Last edited by upinsmoke at Jan 26 2004, 07:42 AM


----------



## cor3ypwnsyou690 (Nov 11, 2003)

wow thats diffrent.. looks cool tho keep it up


----------



## upinsmoke (Mar 31, 2003)

some more


----------



## SCLA (Apr 12, 2003)




----------



## enough_talkin (Aug 25, 2003)

reminds me of frog skin kinda..different but it looks pretty tight...
whats the overall look of the vehicle gonna be?


----------



## joebomber52 (May 21, 2003)

> _Originally posted by enough_talkin_@Jan 31 2004, 11:42 AM
> *reminds me of frog skin kinda..different but it looks pretty tight...
> whats the overall look of the vehicle gonna be?*


 a big wart

j/p looks cool man what is the over all theme of the car?


----------



## upinsmoke (Mar 31, 2003)

The car is gonna be that same base with tribals taped out and bubbled like the interior on the doors and hood....Thanks for the compliments. I was going for something different.


----------



## immortalsouljah (Oct 1, 2001)

What kind of car is it?


----------



## Skuce2 (Dec 16, 2003)

Anyone ever see the TV show "Babylon 5"?

looks like a Vorlon ship


----------



## upinsmoke (Mar 31, 2003)

never seen babylon......... the car is a crx.


----------



## Skuce2 (Dec 16, 2003)

Thought it looked like a Honda interior

Nice job man! :biggrin:

did you mask that or did you just go at it by hand? 

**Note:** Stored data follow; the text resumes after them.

lemma semigrp_has_vector_derivative:
  assumes "supported N a"
  shows "((\<lambda>s. semigrp L s a i j) has_vector_derivative semigrp L s (L a) i j) (at s within S)"
proof -
  have "((\<lambda>z. \<Sum>k. series_coeff a i j k * z ^ k) has_field_derivative
      (\<Sum>k. diffs (series_coeff a i j) k * of_real s ^ k)) (at (of_real s))"
    by (rule termdiffs_strong_converges_everywhere) (rule summable_semigrp_series[OF assms])
  then have "((\<lambda>x. \<Sum>k. series_coeff a i j k * of_real x ^ k) has_vector_derivative
      (\<Sum>k. diffs (series_coeff a i j) k * of_real s ^ k)) (at s within S)"
    by (rule has_vector_derivative_real_field)
  then show ?thesis unfolding semigrp_eq_power_series diffs_series_coeff .
qed

lemma continuous_on_semigrp: "supported N a \<Longrightarrow> continuous_on S (\<lambda>t. semigrp L t a i j)"
  using has_vector_derivative_continuous[OF semigrp_has_vector_derivative]
  by (intro continuous_at_imp_continuous_on) blast

lemma supported_semigrp: "supported N a \<Longrightarrow> supported N (semigrp L s a)"
  using supported_funpow unfolding supported_def semigrp_def by simp

lemma semigrp_zero: "semigrp L 0 a = a"
proof (intro ext)
  fix i j
  have "semigrp L 0 a i j = (\<Sum>k. series_coeff a i j k * 0 ^ k)"
    unfolding semigrp_eq_power_series by simp
  also have "\<dots> = a i j" unfolding powser_zero by (simp add: series_coeff_def)
  finally show "semigrp L 0 a i j = a i j" .
qed

lemma semigrp_L_commute:
  assumes "supported N a"
  shows "semigrp L s (L a) = L (semigrp L s a)"
proof (intro ext)
  fix i j
  let ?K = "\<lambda>p q. L (unit_mat p q) i j" and ?t = "\<lambda>a p q k. series_coeff a p q k * of_real s ^ k"
  have sm: "summable (?t a p q)" for p q by (rule summable_semigrp_series[OF assms])
  have "L (semigrp L s a) i j = (\<Sum>p\<in>{1..N}. \<Sum>q\<in>{1..N}. ?K p q * (\<Sum>k. ?t a p q k))"
    unfolding L_expansion[OF supported_semigrp[OF assms]] semigrp_eq_power_series ..
  also have "\<dots> = (\<Sum>k. \<Sum>p\<in>{1..N}. \<Sum>q\<in>{1..N}. ?K p q * ?t a p q k)"
    by (simp add: suminf_mult sm suminf_sum summable_sum summable_mult)
  also have "\<dots> = (\<Sum>k. ?t (L a) i j k)"
  proof (intro suminf_cong)
    fix k
    have "(L ^^ k) (L a) = L ((L ^^ k) a)" by (simp add: funpow_swap1)
    then show "(\<Sum>p\<in>{1..N}. \<Sum>q\<in>{1..N}. ?K p q * ?t a p q k) = ?t (L a) i j k"
      unfolding series_coeff_def L_expansion[OF supported_funpow[OF assms]]
      by (simp add: sum_distrib_left sum_divide_distrib mult_ac)
  qed
  finally show "semigrp L s (L a) i j = L (semigrp L s a) i j"
    unfolding semigrp_eq_power_series by simp
qed

definition dissip :: "cmat \<Rightarrow> real" where
  "dissip b = - Re (frob_inner N b (L b))"

lemma frob_sq_semigrp_has_derivative:
  assumes "supported N a"
  shows "((\<lambda>t. frob_sq N (semigrp L t a)) has_real_derivative - 2 * dissip (semigrp L t a)) (at t)"
proof -
  have "((\<lambda>t. frob_sq N (semigrp L t a)) has_real_derivative
      (\<Sum>i\<in>{1..N}. \<Sum>j\<in>{1..N}. 2 * Re (cnj (semigrp L t a i j) * semigrp L t (L a) i j))) (at t)"
    unfolding frob_sq_def
    by (intro DERIV_sum has_real_derivative_cmod_sq semigrp_has_vector_derivative[OF assms])
  also have "(\<Sum>i\<in>{1..N}. \<Sum>j\<in>{1..N}. 2 * Re (cnj (semigrp L t a i j) * semigrp L t (L a) i j))
      = 2 * Re (frob_inner N (semigrp L t a) (L (semigrp L t a)))"
    unfolding frob_inner_def semigrp_L_commute[OF assms] by (simp add: sum_distrib_left)
  also have "\<dots> = - 2 * dissip (semigrp L t a)"
    unfolding dissip_def by simp
  finally show ?thesis .
qed

definition semigrp_integral :: "cmat \<Rightarrow> cmat" where
  "semigrp_integral a = (\<lambda>i j. integral {0..} (\<lambda>t. semigrp L t a i j))"

end

section \<open>Hypocoercive decay\<close>

locale hypocoercive_map = supported_linear_map +
  fixes \<kappa> :: real
  assumes \<kappa>_pos: "0 < \<kappa>"
    and hypocoercive: "supported N b \<Longrightarrow> frob_sq N b \<le> \<kappa> * (dissip b + dissip (L b))"
begin

definition decay_rate :: real where
  "decay_rate = 1 / ((1 + real N * real N * growth\<^sup>2) * \<kappa>)"

lemma decay_rate_pos: "0 < decay_rate"
  unfolding decay_rate_def using \<kappa>_pos by (simp add: add_pos_nonneg)

lemma energy_le_dissip:
  assumes "supported N b"
  shows "frob_sq N b + frob_sq N (L b) \<le> (dissip b + dissip (L b)) / decay_rate"
proof -
  have "frob_sq N b + frob_sq N (L b) \<le> (1 + real N * real N * growth\<^sup>2) * frob_sq N b"
    using frob_sq_L_le[OF assms] by (simp add: algebra_simps)
  also have "\<dots> \<le> (1 + real N * real N * growth\<^sup>2) * (\<kappa> * (dissip b + dissip (L b)))"
    using hypocoercive[OF assms] by (intro mult_left_mono) auto
  finally show ?thesis unfolding decay_rate_def by (simp add: mult_ac)
qed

Last edited by Skuce2 at Feb 2 2004, 07:43 PM


----------



## upinsmoke (Mar 31, 2003)

all freehand.


----------



## 90towncar (Jun 26, 2002)

> _Originally posted by upinsmoke_@Feb 2 2004, 06:52 PM
> *all freehand.*


----------



## CODE BLUE (Aug 9, 2003)

:thumbsup:


----------



## SolidGoldCaddy (Feb 20, 2002)

how did you get the raised panels in the headliner? did you use foam?


----------



## upinsmoke (Mar 31, 2003)

used cardboard to make the raised indents.


----------



## enough_talkin (Aug 25, 2003)

> _Originally posted by SolidGoldCaddy_@Feb 3 2004, 08:26 PM
> *how did you get the raised panels in the headliner? did you use foam?*


 if your interested in trying that also check out contour foam...its cheap and easy to work with...i used it when i did the headliner in my towncar...put a big $ sign in


----------



## upinsmoke (Mar 31, 2003)

just got the box done. bottom is contoured to the spare tire well.

















































should have the car completed before the 14th. 



Last edited by upinsmoke at Feb 29 2004, 09:10 PM


----------



## RaZo_bLaDe (Jun 16, 2002)

lookds tight, nnice airbrushing on the box. it looks liek an alien head with 2 giant subwoofer eyes.. its coo


----------



## upinsmoke (Mar 31, 2003)

thanks...


----------



## 90towncar (Jun 26, 2002)

> _Originally posted by upinsmoke_@Feb 29 2004, 10:10 PM
> *just got the box done. bottom is contoured to the spare tire well.
> 
> 
> ...


 uffin:


----------